(Stored entries)
——

(* Let $d\ge1$, $k\in\{1,\dots,d\}$, and let $P\subset\{x\in\mathbb{R}^d:x_k>0\}$ be an $n$-dimensional polytope with $0\le n\le d-1$. Suppose there exists a hyperplane $\{x:\pi^\top x=\pi_0\}$ containing $P$ that is not orthogonal to $\bar H=\{x\in\mathbb{R}^d:x_k=0\}$ (i.e. $\pi_k\neq0$). Then: (i) $\mathrm{swp}_k(P)$ is an $(n+1)$-dimensional polytope; (ii) every $l$-face of $\mathrm{swp}_k(P)$ is either an $l$-face of $P$, or an $l$-face of $\mathrm{proj}_k(P)$, or equals $\mathrm{swp}_k(\Gamma^{l-1})$ for some $(l-1)$-face $\Gamma^{l-1}$ of $P$; and (iii) every face of $P$ and every face of $\mathrm{proj}_k(P)$ is a face of $\mathrm{swp}_k(P)$, and $\mathrm{swp}_k(\Gamma)$ is a face of $\mathrm{swp}_k(P)$ for every face $\Gamma$ of $P$.
   Context: $e_k$ is the $k$-th standard unit vector. For $P\subset\mathbb{R}^d$: $\mathrm{proj}_k(P)=\{p-p_ke_k:p\in P\}$ and $\mathrm{swp}_k(P)=\{p-\theta p_ke_k:p\in P,\theta\in[0,1]\}$. A polytope is the convex hull of finitely many points; its faces are the intersections with supporting hyperplanes (together with the polytope itself), the dimension of a face is that of its affine hull, and an $l$-face is a face of dimension $l$. *)

theory Defs
  imports "HOL-Analysis.Analysis"
begin

text \<open>The coordinate direction e_k is a basis vector b of the Euclidean space;
  x_k is x \<bullet> b.\<close>

definition proj_k :: "'a::euclidean_space \<Rightarrow> 'a set \<Rightarrow> 'a set" where
  "proj_k b P = {p - (p \<bullet> b) *\<^sub>R b | p. p \<in> P}"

——

## EXERCISE OBJECTIVE
State how many lines in the data include the string "bullet". Nothing else belongs in the reply.

## ANSWER SPACE
2